Bipartite graph has a vertex with all incident edges in some perfect matching

Question

Let $G$ be a bipartite graph with a perfect matching. Prove that $G$ has a node $v$ for which every edge incident to $v$ belongs to a perfect matching.

I don't think that this question is true if all the edges incident to $v$ belongs to the same perfect matching.

My attempt: Suppose $v$ is not incident to any perfect matching of $G$. This implies that $G$ cannot have a perfect matching, which is a contradiction.

Am I on the right way, thanks for your comment.

Answer 1

I believed that the answer has been explained sufficiently by a previous post.

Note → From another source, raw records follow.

text \<open>The fixed point is sought in the complete space of bounded continuous functions on the
  real line, as z = X / weight extended from [-tau, T] by clamping.\<close>

lemma integral_solution_exists: "\<exists>X. integral_solution X"
proof -
  define scaled :: "(real \<Rightarrow>\<^sub>C 'a) \<Rightarrow> real \<Rightarrow> 'a" where "scaled z s = weight s *\<^sub>R z s" for z s
  have scaled_cont: "continuous_on S (scaled z)" for S z
    unfolding scaled_def by (intro continuous_intros continuous_on_weight) auto
  have clamp: "clamp (-\<tau>) T t \<in> {-\<tau>..T}" for t
    using tau_pos T_pos clamp_in_interval[of "-\<tau>" T t] by (simp add: cbox_interval)
  have "\<forall>z. \<exists>g. \<forall>t. apply_bcontfun g t = picard (scaled z) (clamp (-\<tau>) T t) /\<^sub>R weight (clamp (-\<tau>) T t)"
  proof
    fix z
    have "continuous_on (cbox (-\<tau>) T) (\<lambda>t. picard (scaled z) t /\<^sub>R weight t)"
      using continuous_on_picard[OF scaled_cont] weight_pos
      by (auto intro!: continuous_intros continuous_on_weight simp: cbox_interval less_imp_neq[symmetric])
    then show "\<exists>g. \<forall>t. apply_bcontfun g t = picard (scaled z) (clamp (-\<tau>) T t) /\<^sub>R weight (clamp (-\<tau>) T t)"
      by (rule continuous_on_cbox_bcontfunE) blast
  qed
  then obtain \<Psi> :: "(real \<Rightarrow>\<^sub>C 'a) \<Rightarrow> (real \<Rightarrow>\<^sub>C 'a)" where \<Psi>: "\<And>z t. \<Psi> z t = picard (scaled z) (clamp (-\<tau>) T t) /\<^sub>R weight (clamp (-\<tau>) T t)"
    by (metis (no_types))
  have "dist (\<Psi> z) (\<Psi> z') \<le> 1/2 * dist z z'" for z z'
  proof (rule dist_bound)
    fix t
    define s where "s = clamp (-\<tau>) T t"
    have "norm (scaled z r - scaled z' r) \<le> dist z z' * weight r" for r
      using dist_bounded[of z r z'] weight_pos[of r]
      by (simp add: scaled_def dist_norm mult.commute flip: scaleR_diff_right)
    then have "norm (picard (scaled z) s - picard (scaled z') s) \<le> dist z z' / 2 * weight s"
      using clamp[of t] by (intro picard_contraction scaled_cont) (auto simp: s_def)
    moreover have "dist (\<Psi> z t) (\<Psi> z' t) = norm (picard (scaled z) s - picard (scaled z') s) / weight s"
      using weight_pos[of s]
      by (simp add: \<Psi> s_def[symmetric] dist_norm divide_inverse_commute flip: scaleR_diff_right)
    ultimately show "dist (\<Psi> z t) (\<Psi> z' t) \<le> 1/2 * dist z z'"
      using weight_pos[of s] by (simp add: divide_le_eq)
  qed
  then obtain z where z: "\<Psi> z = z"
    using banach_fix_type[of "1/2" \<Psi>] by auto
  have "scaled z s = picard (scaled z) s" if "s \<in> {-\<tau>..T}" for s
    using \<Psi>[of z s] weight_pos[of s] that by (simp add: z scaled_def cbox_interval)
  then show ?thesis
    unfolding integral_solution_def using scaled_cont by blast
qed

I will however expand on the explanation on some of the steps since there appears to still be some confusion.

Let $G=(U,V,E)$ be the bipartite graph, with $U$ and $V$ being the two partitions in the bipartite graph, and $E$ the edges. By supposition, a perfect matching exist in the graph.

• Let $M$ be some perfect matching.
• Take any vertex $v \in V$. Set $v_0 = v$. Assume it has an edge $\{v_0,u_0\}$ that does not belong to any perfect matching (otherwise you are done), where $u_0$ is the other vertex incident to that edge.
• Let $v_1$ be a neighbour of $u_0$ in $M$ (i.e. $u_0v_1\in M$).
• Now pick an edge of $\{v_1,u_1\}$ that does not belong to $M$. If this does not exist, this meant that $v_1$ has all its incident edges in a perfect matching and you are done.
• Therefore, you can repeat these steps to get a sequence $v_0,u_0,v_1,u_1,v_2,\ldots$ alternating between $V$ and $U$, and also edges between them alternating between $E \setminus M$ and $M$.
• Because the graph is finite, you will find $v_i = v_j$ (or $u_i = u_j$) for some $i < j$, and let $i$ and $j$ be the first such pair.
• Observe that you got an alternating cycle, which means the complement of the cycle (containing $\{v_0,u_0\}$), combined with the unused edges in $M$ is also a perfect matching and you are done.